Dataset entries:
::::::::::
(* Fix $g\ge1$ and $0\le g'<g$, $g''=g-g'$. Equip $\mathbb{P}_{g'}\backslash\mathfrak{S}_g$ with the Weil–Petersson metric $g_{WP}$ and $A_{g'}\times\mathcal{T}^{>0}_{g''}$ with the product metric $g'_{WP}+g''_{trWP}$. Then the projection $\pi_{g'}:\mathbb{P}_{g'}\backslash\mathfrak{S}_g\to A_{g'}\times\mathcal{T}^{>0}_{g''}$ is a Riemannian submersion; in particular it is $1$-Lipschitz.
   Context: $\mathfrak{S}_g=\{\tau\in\mathrm{Sym}(g,\mathbb{C}):\operatorname{Im}\tau>0\}$, $\tau=X+iY$, with $\mathrm{Sp}(2g,\mathbb{R})$ acting by $\begin{pmatrix}A&B\\C&D\end{pmatrix}\cdot\tau=(A\tau+B)(C\tau+D)^{-1}$; $\Gamma=\mathrm{Sp}(2g,\mathbb{Z})/\{\pm1\}$. The Weil–Petersson metric $g_{WP}$ is the invariant metric with $\|V\|_\tau^2=\frac12\big(\operatorname{tr}(Y^{-1}V_XY^{-1}V_X)+\operatorname{tr}(Y^{-1}V_YY^{-1}V_Y)\big)$ for $V=V_X+iV_Y\in\mathrm{Sym}(g,\mathbb{C})\cong T_\tau\mathfrak{S}_g$ (Kähler form $\frac{i}{4}\operatorname{tr}(Y^{-1}d\tau Y^{-1}d\bar\tau)$); $g'_{WP}$ is the same metric on $\mathfrak{S}_{g'}$ and on $A_{g'}=\mathrm{Sp}(2g',\mathbb{Z})\backslash\mathfrak{S}_{g'}$. Block decomposition $\tau=\begin{pmatrix}\tau'&\tau'''\\{}^t\tau'''&\tau''\end{pmatrix}$ with $\tau'$ of size $g'\times g'$, similarly for $X,Y$. $P_{g'}\subset\mathrm{Sp}(2g,\mathbb{R})$ is the parabolic subgroup of matrices $\begin{pmatrix}A'&0&B'&*\\ *&u&*&*\\ C'&0&D'&*\\0&0&0&(u^t)^{-1}\end{pmatrix}$ with $\begin{pmatrix}A'&B'\\C'&D'\end{pmatrix}\in\mathrm{Sp}(2g',\mathbb{R})$, $u\in\mathrm{GL}(g'',\mathbb{R})$ (the normalizer of the flag $\langle e_{g'+1},\dots,e_g\rangle\subset\langle e_{g'+1},\dots,e_g\rangle^\perp$), and $\mathbb{P}_{g'}=\Gamma\cap P_{g'}$. The map $\pi_{g'}(\tau)=(\tau',\,Y''-{}^tY'''(Y')^{-1}Y''')$ from $\mathfrak{S}_g$ to $\mathfrak{S}_{g'}\times\mathrm{Sym}^+(g'',\mathbb{R})$ induces the projection $\mathbb{P}_{g'}\backslash\mathfrak{S}_g\to A_{g'}\times\mathcal{T}^{>0}_{g''}$, where $\mathcal{T}^{>0}_{g''}=\mathrm{GL}(g'',\mathbb{Z})\backslash\mathrm{Sym}^+(g'',\mathbb{R})$ (action $t\mapsto ata^t$) with metric $g''_{trWP}=\frac12\operatorname{tr}(t^{-1}dt\,t^{-1}dt)$. *)

theory Defs
  imports Complex_Main "Jordan_Normal_Form.Matrix"
begin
::::::::::
_EXERCISE REQUIREMENTS_
Copy the entries above exactly, so that each line matches the original.

_EXERCISE RESULT_
(* Fix $g\ge1$ and $0\le g'<g$, $g''=g-g'$. Equip $\mathbb{P}_{g'}\backslash\mathfrak{S}_g$ with the Weil–Petersson metric $g_{WP}$ and $A_{g'}\times\mathcal{T}^{>0}_{g''}$ with the product metric $g'_{WP}+g''_{trWP}$. Then the projection $\pi_{g'}:\mathbb{P}_{g'}\backslash\mathfrak{S}_g\to A_{g'}\times\mathcal{T}^{>0}_{g''}$ is a Riemannian submersion; in particular it is $1$-Lipschitz.
   Context: $\mathfrak{S}_g=\{\tau\in\mathrm{Sym}(g,\mathbb{C}):\operatorname{Im}\tau>0\}$, $\tau=X+iY$, with $\mathrm{Sp}(2g,\mathbb{R})$ acting by $\begin{pmatrix}A&B\\C&D\end{pmatrix}\cdot\tau=(A\tau+B)(C\tau+D)^{-1}$; $\Gamma=\mathrm{Sp}(2g,\mathbb{Z})/\{\pm1\}$. The Weil–Petersson metric $g_{WP}$ is the invariant metric with $\|V\|_\tau^2=\frac12\big(\operatorname{tr}(Y^{-1}V_XY^{-1}V_X)+\operatorname{tr}(Y^{-1}V_YY^{-1}V_Y)\big)$ for $V=V_X+iV_Y\in\mathrm{Sym}(g,\mathbb{C})\cong T_\tau\mathfrak{S}_g$ (Kähler form $\frac{i}{4}\operatorname{tr}(Y^{-1}d\tau Y^{-1}d\bar\tau)$); $g'_{WP}$ is the same metric on $\mathfrak{S}_{g'}$ and on $A_{g'}=\mathrm{Sp}(2g',\mathbb{Z})\backslash\mathfrak{S}_{g'}$. Block decomposition $\tau=\begin{pmatrix}\tau'&\tau'''\\{}^t\tau'''&\tau''\end{pmatrix}$ with $\tau'$ of size $g'\times g'$, similarly for $X,Y$. $P_{g'}\subset\mathrm{Sp}(2g,\mathbb{R})$ is the parabolic subgroup of matrices $\begin{pmatrix}A'&0&B'&*\\ *&u&*&*\\ C'&0&D'&*\\0&0&0&(u^t)^{-1}\end{pmatrix}$ with $\begin{pmatrix}A'&B'\\C'&D'\end{pmatrix}\in\mathrm{Sp}(2g',\mathbb{R})$, $u\in\mathrm{GL}(g'',\mathbb{R})$ (the normalizer of the flag $\langle e_{g'+1},\dots,e_g\rangle\subset\langle e_{g'+1},\dots,e_g\rangle^\perp$), and $\mathbb{P}_{g'}=\Gamma\cap P_{g'}$. The map $\pi_{g'}(\tau)=(\tau',\,Y''-{}^tY'''(Y')^{-1}Y''')$ from $\mathfrak{S}_g$ to $\mathfrak{S}_{g'}\times\mathrm{Sym}^+(g'',\mathbb{R})$ induces the projection $\mathbb{P}_{g'}\backslash\mathfrak{S}_g\to A_{g'}\times\mathcal{T}^{>0}_{g''}$, where $\mathcal{T}^{>0}_{g''}=\mathrm{GL}(g'',\mathbb{Z})\backslash\mathrm{Sym}^+(g'',\mathbb{R})$ (action $t\mapsto ata^t$) with metric $g''_{trWP}=\frac12\operatorname{tr}(t^{-1}dt\,t^{-1}dt)$. *)

theory Defs
  imports Complex_Main "Jordan_Normal_Form.Matrix"
begin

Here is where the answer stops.